Haruki Robert Nakamura (born April 18, 1986) is an American former professional football player who was a safety in the National Football League (NFL). He was selected by the Baltimore Ravens in the sixth round of the 2008 NFL draft. He played college football for the Cincinnati Bearcats.

==Early life==
Nakamura's parents, Karen and Ryozo, were each competitive in international judo competitions. His Irish American mother is a fourth-degree black belt and his late Japanese father Ryozo was an eighth-degree black belt. His brothers Mako and Yoshi were each international judo champions. Yoshi was a two-time Ohio state wrestling champion and also competed in the U.S. Olympic Trials. Nakamura's sister, Kimi, was a national champion in judo and played college volleyball at the University of Cincinnati. Brother Mako is also an international hat model. Brother Yoshi has also been cast in two feature films, Foxcatcher and The Wolf of Wall Street.

Nakamura attended St. Edward High School, an all-boys Catholic high school on Cleveland's west side. He played football as both a wide receiver and defensive back. In 2003, he was instrumental in the team's runner-up finish in the Ohio Division I "big school" playoffs. He earned second-team "All-Ohio" honors as a defensive back his senior season. He graduated in 2004.

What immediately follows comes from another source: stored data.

lemma sum_bounds_extreme_ends:
  fixes g :: "real \<Rightarrow> real" and f :: "'a \<Rightarrow> real"
  assumes B: "finite B" "2 \<le> card B"
    and range: "\<And>u. u \<in> B \<Longrightarrow> m \<le> f u \<and> f u \<le> L"
    and ends: "\<exists>u\<in>B. f u = m" "\<exists>u\<in>B. f u = L"
    and g_max: "\<And>l. m \<le> l \<Longrightarrow> l \<le> L \<Longrightarrow> g l \<le> g L"
    and g_min: "\<And>l. m \<le> l \<Longrightarrow> l \<le> L \<Longrightarrow> g x \<le> g l"
    and g_ends: "g m = g L"
  shows "(\<Sum>u\<in>B. g (f u)) \<le> card B * g L"
    and "2 * g L + (real (card B) - 2) * g x \<le> (\<Sum>u\<in>B. g (f u))"
proof -
  show "(\<Sum>u\<in>B. g (f u)) \<le> card B * g L"
    using range g_max sum_bounded_above[of B "\<lambda>u. g (f u)" "g L"] by simp
  obtain u\<^sub>m u\<^sub>L where u: "u\<^sub>m \<in> B" "f u\<^sub>m = m" "u\<^sub>L \<in> B" "f u\<^sub>L = L" using ends by blast
  show "2 * g L + (real (card B) - 2) * g x \<le> (\<Sum>u\<in>B. g (f u))"
  proof (cases "u\<^sub>m = u\<^sub>L")
    case True
    then have "\<And>u. u \<in> B \<Longrightarrow> f u = L" using u range by force
    then have "(\<Sum>u\<in>B. g (f u)) = card B * g L" by simp
    moreover have "g x \<le> g L" using g_min[of L] u range by force
    then have "(real (card B) - 2) * g x \<le> (real (card B) - 2) * g L"
      using B(2) by (intro mult_left_mono) auto
    ultimately show ?thesis by (simp add: algebra_simps)
  next
    case False
    have "(\<Sum>u\<in>B. g (f u)) = g m + g L + (\<Sum>u\<in>B - {u\<^sub>m, u\<^sub>L}. g (f u))"
      using sum.subset_diff[of "{u\<^sub>m, u\<^sub>L}" B "\<lambda>u. g (f u)"] B(1) u False by simp
    moreover have "card (B - {u\<^sub>m, u\<^sub>L}) * g x \<le> (\<Sum>u\<in>B - {u\<^sub>m, u\<^sub>L}. g (f u))"
      using range g_min by (intro sum_bounded_below) auto
    moreover have "card (B - {u\<^sub>m, u\<^sub>L}) = card B - 2" using B(1) u False by (simp add: card_Diff_subset)
    ultimately show ?thesis using B(2) g_ends by (simp add: of_nat_diff)
  qed
qed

He attended the University of Cincinnati, where he majored in criminal justice. He played college football for the Bearcats, playing free safety and on special teams, eventually earning first-team "All-Big East" honors.

==Professional football==

===Baltimore Ravens===
On April 26, 2008, he was selected by the Ravens in the sixth round of the 2008 NFL draft, the 206th player overall. For the 2008 season, Nakamura had 12 tackles in 16 games.

On January 10, 2009, Nakamura recorded a career-high five tackles in the Baltimore Ravens 13-10 upset of the AFC's top-seeded Tennessee Titans.

On November 16, 2009, Nakamura was injured on the opening kickoff of a Monday Night Football game versus the Cleveland Browns in his hometown of Cleveland. He suffered a broken right ankle attempting to make a tackle on special teams. Two days later, he was placed on the injured reserve list, ending his season. For the season, he played in nine games with seven special teams tackles and one tackle on defense.

In the 2010 preseason, Nakamura showed signs of a breakout season as evidenced in the pre-season week-three game against the New York Giants. Nakamura made an interception that coach John Harbaugh described as being "as good a play as you're ever going to see . . . I don't know how he came up with the ball. He's just a tremendous athlete. He's a football player, through and through." Nakamura also sacked the Giants' quarterback for a loss in that same game. He also returned a fake kickoff against the Washington Redskins.

During the 2010 regular season, Nakamura played in all 16 games and recorded 16 tackles, plus he was second in special teams tackles with 13. He played in all three of the Ravens' post-season games, and in the AFC wild card game he intercepted a pass from Kansas City Chiefs quarterback Matt Cassel.

In 2011, he played in 15 games (he was inactive for one) and tied for second on the team with nine special teams tackles while posting three tackles backing up safety Ed Reed on defense. In a Week 4 game against the St. Louis Rams in 2011, Nakamura was injured and missed a month. He played in two post-season games, leading the team with four special teams tackles.

===Carolina Panthers===
Nakamura signed with the Carolina Panthers on March 16, 2012. He started a career-high 13 games at free safety, recorded a career-high in tackles with 52, tied for the team lead in interceptions with two and had 10 special teams tackles. His season ended when he suffered a groin injury versus the Atlanta Falcons on December 9 and was placed on injured reserve two days later.

In 2013, during the preseason, he suffered a concussion. On September 2 the Panthers placed him on injured reserve and two days later his status was revised to "released/injury settlement".